A good night's sleep doesn't start when your head hits the pillow. It starts as soon as you wake up. The choices you make in the first few hours of your day send strong signals to your body about when to feel energised and when to wind down. If your mornings are chaotic, rushed, or dominated by indoor light and screens, your body's internal clock can lose its rhythm, making it harder to fall asleep and stay asleep later on.
Let's begin by breaking down 3 morning habits that build better sleep tonight.

Understanding Your Body's Clock for Better Sleep
Your circadian rhythm is your body's internal operating system. It regulates sleep, hormones, mood, digestion, immune function and even temperature. It runs on a roughly 24-hour cycle and depends on external cues like:
- Light exposure
- Meal timing
- Daily movement
- Breath and nervous system state
Your circadian rhythm is incredibly adaptive, but also delicately tuned. It thrives on consistency, natural light, and gentle structure.
When you protect it, you'll feel clearer, calmer, and more energised throughout the day, and sleep comes much more easily at night.
Habit 1: Get Natural Light Into Your Eyes Early
The single most powerful sleep-supporting behaviour you can do is get outside into natural morning light.
Morning light exposure:
- Suppresses melatonin (the sleep hormone)
- Boosts cortisol naturally (your "wake-up" hormone)

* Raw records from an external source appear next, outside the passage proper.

section \<open>Sectorial and accretive-dissipative matrices\<close>

lemma sectorial_form:
  assumes "sectorial \<alpha> A" and "norm v = 1"
  shows "0 < Re (form A v v) \<and> \<bar>Im (form A v v)\<bar> \<le> tan \<alpha> * Re (form A v v)"
proof -
  have "form A v v \<in> num_range A" using assms(2) unfolding num_range_def by blast
  thus ?thesis using assms(1) unfolding sectorial_def sector_def by blast
qed

lemma sectorial_half_planes:
  assumes sect: "sectorial \<alpha> A" and "0 < cos \<alpha>"
  shows "0 \<le> Re (Complex (sin \<alpha>) (- cos \<alpha>) * form A v v)"
    and "0 \<le> Re (Complex (sin \<alpha>) (cos \<alpha>) * form A v v)"
proof -
  have cone: "\<bar>cos \<alpha> * Im (form A w w)\<bar> \<le> sin \<alpha> * Re (form A w w)" if "norm w = 1" for w
  proof -
    have "cos \<alpha> * \<bar>Im (form A w w)\<bar> \<le> cos \<alpha> * (tan \<alpha> * Re (form A w w))"
      using sectorial_form[OF sect that] \<open>0 < cos \<alpha>\<close> by (intro mult_left_mono) auto
    thus ?thesis using \<open>0 < cos \<alpha>\<close> by (simp add: tan_def abs_mult)
  qed
  have "0 \<le> Re (Complex (sin \<alpha>) (- cos \<alpha>) * form A w w)
           \<and> 0 \<le> Re (Complex (sin \<alpha>) (cos \<alpha>) * form A w w)" if "norm w = 1" for w
    using cone[OF that] by (simp add: abs_le_iff)
  thus "0 \<le> Re (Complex (sin \<alpha>) (- cos \<alpha>) * form A v v)"
    and "0 \<le> Re (Complex (sin \<alpha>) (cos \<alpha>) * form A v v)"
    by (blast intro: form_nonneg_of_unit)+
qed

lemma sectorial_form_bound:
  assumes "0 \<le> \<alpha>" and "\<alpha> < pi / 2" and sect: "sectorial \<alpha> A"
  shows "cos \<alpha> * cmod (form A x y) \<le> sqrt (cmod (form A x x) * cmod (form A y y))"
proof (cases "\<alpha> = 0")
  case True
  have on_sphere: "Re (form A w w) \<ge> 0 \<and> Im (form A w w) = 0" if "norm w = 1" for w
    using sectorial_form[OF sect that] True by simp
  have half_plane: "0 \<le> Re (u * form A v v)" if "u = 1 \<or> u = \<i> \<or> u = -\<i>" for u v
    by (rule form_nonneg_of_unit) (use that on_sphere in auto)
  have "Im (form A v v) = 0 \<and> 0 \<le> Re (form A v v)" for v
    using half_plane[of 1 v] half_plane[of \<i> v] half_plane[of "-\<i>" v] by simp
  hence "cmod (form A x y) \<le> sqrt (cmod (form A x x) * cmod (form A y y))"
    by (intro form_bound_hermitian) auto
  thus ?thesis using True by simp
next
  case False
  with assms have "0 < cos \<alpha>" and "0 < sin \<alpha>"
    by (auto intro: cos_gt_zero_pi sin_gt_zero)
  define u1 u2 where "u1 = Complex (sin \<alpha>) (- cos \<alpha>)" and "u2 = Complex (sin \<alpha>) (cos \<alpha>)"
  have "\<bar>Im (cnj u2 * u1)\<bar> * cmod (form A x y)
           \<le> cmod u1 * cmod (u1 + u2) * sqrt (cmod (form A x x) * cmod (form A y y))"
    using sectorial_half_planes[OF sect \<open>0 < cos \<alpha>\<close>]
    by (intro form_bound_two_half_planes) (simp_all add: u1_def u2_def cmod_def)
  moreover have "\<bar>Im (cnj u2 * u1)\<bar> = 2 * sin \<alpha> * cos \<alpha>" and "cmod u1 = 1"
    using \<open>0 < cos \<alpha>\<close> \<open>0 < sin \<alpha>\<close> by (simp_all add: u1_def u2_def cmod_def)
  moreover have "u1 + u2 = complex_of_real (2 * sin \<alpha>)"
    by (simp add: u1_def u2_def complex_eq_iff)
  ultimately show ?thesis using \<open>0 < sin \<alpha>\<close> by (simp add: mult_ac)
qed
lemma det_diagonal_plus_two_outer_prods:
  fixes d u1 v1 u2 v2 :: "'k::finite \<Rightarrow> 'a::field"
  defines "d11 \<equiv> \<Sum>i\<in>UNIV. v1 i * u1 i / d i" and "d12 \<equiv> \<Sum>i\<in>UNIV. v1 i * u2 i / d i"
    and "d21 \<equiv> \<Sum>i\<in>UNIV. v2 i * u1 i / d i" and "d22 \<equiv> \<Sum>i\<in>UNIV. v2 i * u2 i / d i"
  assumes d_nz: "\<And>i. d i \<noteq> 0" and nz: "1 + d11 \<noteq> 0"
  shows "det ((\<chi> i j. if i = j then d i else 0) + outer_prod u1 v1 + outer_prod u2 v2)
    = (\<Prod>i\<in>UNIV. d i) * ((1 + d11) * (1 + d22) - d12 * d21)"
proof -
  define D where "D = ((\<chi> i j. if i = j then d i else 0) :: 'a^'k^'k)"
  have "D ** outer_prod a v = outer_prod (\<lambda>i. d i * a i) v" for a v
    by (simp add: D_def outer_prod_def matrix_matrix_mult_def vec_eq_iff
        if_distrib[of "\<lambda>x. x * _"] mult.assoc cong: if_cong)
  then have D_outer_prod: "D ** outer_prod (\<lambda>i. u i / d i) v = outer_prod u v" for u v
    using d_nz by simp
  have "D + outer_prod u1 v1 + outer_prod u2 v2
      = D ** (mat 1 + outer_prod (\<lambda>i. u1 i / d i) v1 + outer_prod (\<lambda>i. u2 i / d i) v2)"
    by (simp add: matrix_add_ldistrib D_outer_prod)
  moreover have "det D = (\<Prod>i\<in>UNIV. d i)" by (simp add: D_def det_diagonal)
  ultimately show ?thesis
    using nz by (simp add: D_def det_mul det_identity_plus_two_outer_prods d11_def d12_def
        d21_def d22_def mult_ac)
qed

lemma sum_UNIV_Plus:
  "(\<Sum>k\<in>UNIV. f k) = (\<Sum>i\<in>UNIV. f (Inl i)) + (\<Sum>j\<in>UNIV. f (Inr j))"
  for f :: "'a::finite + 'b::finite \<Rightarrow> 'c::comm_monoid_add"
  by (simp flip: UNIV_Plus_UNIV add: sum.Plus comp_def)

lemma prod_UNIV_Plus:
  "(\<Prod>k\<in>UNIV. f k) = (\<Prod>i\<in>UNIV. f (Inl i)) * (\<Prod>j\<in>UNIV. f (Inr j))"
  for f :: "'a::finite + 'b::finite \<Rightarrow> 'c::comm_monoid_mult"
  by (simp flip: UNIV_Plus_UNIV add: prod.Plus comp_def)

lemma of_real_power2_norm_vec: "of_real ((norm x)^2) = (\<Sum>i\<in>UNIV. cnj (x$i) * x$i)"
  for x :: "complex^'k::finite"
  unfolding power2_norm_eq_inner inner_vec_def of_real_sum
  by (simp add: inner_complex_def mult.commute[of "cnj _"] complex_mult_cnj power2_eq_square)

lemma sum_cnj_mult_weighted:
  fixes Z :: "complex^('n::finite + 'm::finite)"
  shows "(\<Sum>k\<in>UNIV. cnj (Z$k) * Z$k * of_real (if isl k then a else b))
    = of_real (a * (norm (zpart Z))^2 + b * (norm (wpart Z))^2)"
  unfolding of_real_add of_real_mult of_real_power2_norm_vec
  by (simp add: sum_UNIV_Plus zpart_def wpart_def sum_distrib_left
      sum_distrib_right mult_ac)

- Resets your sleep-wake cycle so you feel tired at the right time later
Little or no natural light in the morning pushes melatonin release later in the day, leading to afternoon crashes and in some cases, insomnia.
What to do:
- Within the first 5–30 minutes of waking, go outside.
- No sunglasses, no looking through windows (glass blocks the spectrum your brain needs).
- Don't stare directly at the sun. Just face the direction of daylight.
(WARNING – obviously, sunlight is powerful and can be dangerous to look at directly – facing the sun, without directly looking at it is enough, don't put your eyesight into any danger)
How long:
- 10–15 minutes if it's sunny
- 20–30 minutes if it's cloudy
Habit 2: Stack Light Exposure With Breathwork
While you're outside, add slow, nasal breathing to regulate your nervous system.
Try this:
- Inhale through your nose for 5 seconds
- Exhale through your nose for 5 seconds
- Keep the breath light, gentle, and quiet
This signals safety in the body, lowers stress chemistry, and sets your system on a calmer track for the day. Which makes sleep, later on, easier.
Habit 3: Add Grounding for Even Better Reset
Grounding may help:
- Calm the nervous system
- Reduce inflammation
- Support circadian alignment
Think of it as connecting back to the natural cues your body is wired for.
Easy Ways to Fit This Into Everyday Life
Make it seamless by pairing light exposure with something you're already doing:
- Walking the dog
- Taking the bins out
- Walking to the train or car
- Morning coffee outside instead of at the table (although, don't have your coffee too early after waking – why? Come back for Part 2 of this series to find out!)
If You Had a Bad Night's Sleep…
Don't chase sleep. Don't overthink it. Don't try to "fix" it during the night.
Simply start again with morning light.